Milk and Honey

June 19, 2020 


It’s fair to say that life recently has been anything but “normal” for most of the world. Whatever we thought was normal has morphed into a life of varying degrees of isolation, reduced human contact, and even an unexpected return to the family mealtime experience. It is this third realization to which I want to draw our attention this week.

There is an abundance of research that highlights the importance of time spent together at mealtimes. We have known for thousands of years that family mealtime improves family connectedness, which in turn has higher results of healthy development and reduced the probability for emotional distress and dangerous high-risk behaviors. If there is an immediate silver lining to the outcome of our COVID-19 experience, it’s that many families have eaten more meals together in the last 3+ months than they have in the last three years combined!
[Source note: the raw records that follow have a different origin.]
lemma inv_homeo_grp:
  assumes "homeo_group S" "g \<in> S"
  shows "inv\<^bsub>homeo_grp S\<^esub> g = hinv g"
proof (rule group.inv_equality[OF group_homeo_grp[OF assms(1)]])
  show "hinv g \<otimes>\<^bsub>homeo_grp S\<^esub> g = \<one>\<^bsub>homeo_grp S\<^esub>"
    using assms homeo_group_is_homeo is_homeoD(1)
    by (auto simp: homeo_grp_def bij_inv_f_f)
qed (use assms homeo_group_inv in \<open>auto simp: homeo_grp_def\<close>)

lemma clopen_coordinate: "clopen {\<xi>::cantor. \<xi> i = b}"
proof -
  have "open {\<xi>::cantor. \<xi> i = c}" for c
  proof -
    have "{\<xi>::cantor. \<xi> i = c} = (\<lambda>\<xi>. \<xi> i) -` {c}"
      by auto
    then show ?thesis
      by (metis open_vimage open_discrete continuous_on_product_coordinates)
  qed
  moreover have "{\<xi>::cantor. \<xi> i = b} = - {\<xi>. \<xi> i = (\<not> b)}"
    by auto
  ultimately show ?thesis
    unfolding clopen_def closed_def by (metis double_compl)
qed

lemma clopen_Int: "clopen A \<Longrightarrow> clopen B \<Longrightarrow> clopen (A \<inter> B)"
  by (simp add: clopen_def open_Int closed_Int)

lemma clopen_Un: "clopen A \<Longrightarrow> clopen B \<Longrightarrow> clopen (A \<union> B)"
  by (simp add: clopen_def open_Un closed_Un)

lemma clopen_Compl: "clopen A \<Longrightarrow> clopen (- A)"
  by (simp add: clopen_def open_Compl closed_Compl)

lemma clopen_vimage:
  assumes "continuous_on UNIV f" "clopen A"
  shows "clopen (f -` A)"
proof -
  have "open (f -` B)" if "open B" for B
    using assms(1) that open_vimage by blast
  moreover have "f -` (- A) = - (f -` A)"
    by auto
  ultimately show ?thesis
    using assms(2) unfolding clopen_def closed_def by (metis open_Compl)
qed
21st Century eating together isn’t just about putting food on the table. We have also developed infinite ways to improve the natural taste of our foods. We have learned to make combinations of flavors that highlight tastes, smells, and textures, in order to make the meal all the more beautiful.

In this week’s Torah portion, Shelach, we read about Moses sending forth a group of Hebrews to scout the land of Canaan, the land of the Israelite’s destiny, and tells them to bring back only “fruit of the land” (Numbers 13:20). But it is also from this request that today we refer to Israel as the land “flowing with milk and honey” (13:27).

What these “spies” come back with is not the beautiful aromatic citrus fruits native to the land, or the vines of grapes in season, they didn’t even come back with the herbs and plants that would have added so much flavor to their mana from heaven. What they return with is a vision of life and hope, and they identify these two virtues as the land’s fruit. The milk was symbolic of life and the future generations that would be raised on this land, and the honey was symbolic of the sweetness and hope for settling in a land that could provide stability and permanence.

As we continue our lives during these strangest of times, what this week’s Torah portion reminds us to do is to remember that our meals together are moments of life and hope. Our meals highlight how things that might be bland alone can come together to be full of flavor. These meals should bring smiles to our faces, they should offer opportunities for sharing our experiences, for telling stories, and for getting to know one another. Let’s not take these moments for granted, even during these unprecedented times.

As the Jewish Federation of San Antonio, our purpose is to help ensure a future Jewish community for our children’s children. It is to provide the resources for every Jewish family to be able to know that they will be taken care of, and that our local agencies, synagogues, and essential services will be here like the milk and honey in the land of Israel. We are passionate about this responsibility and are here planning for our Jewish San Antonio future! We invite you to join us on this journey.


Shabbat shalom and b’teavon (happy eating)!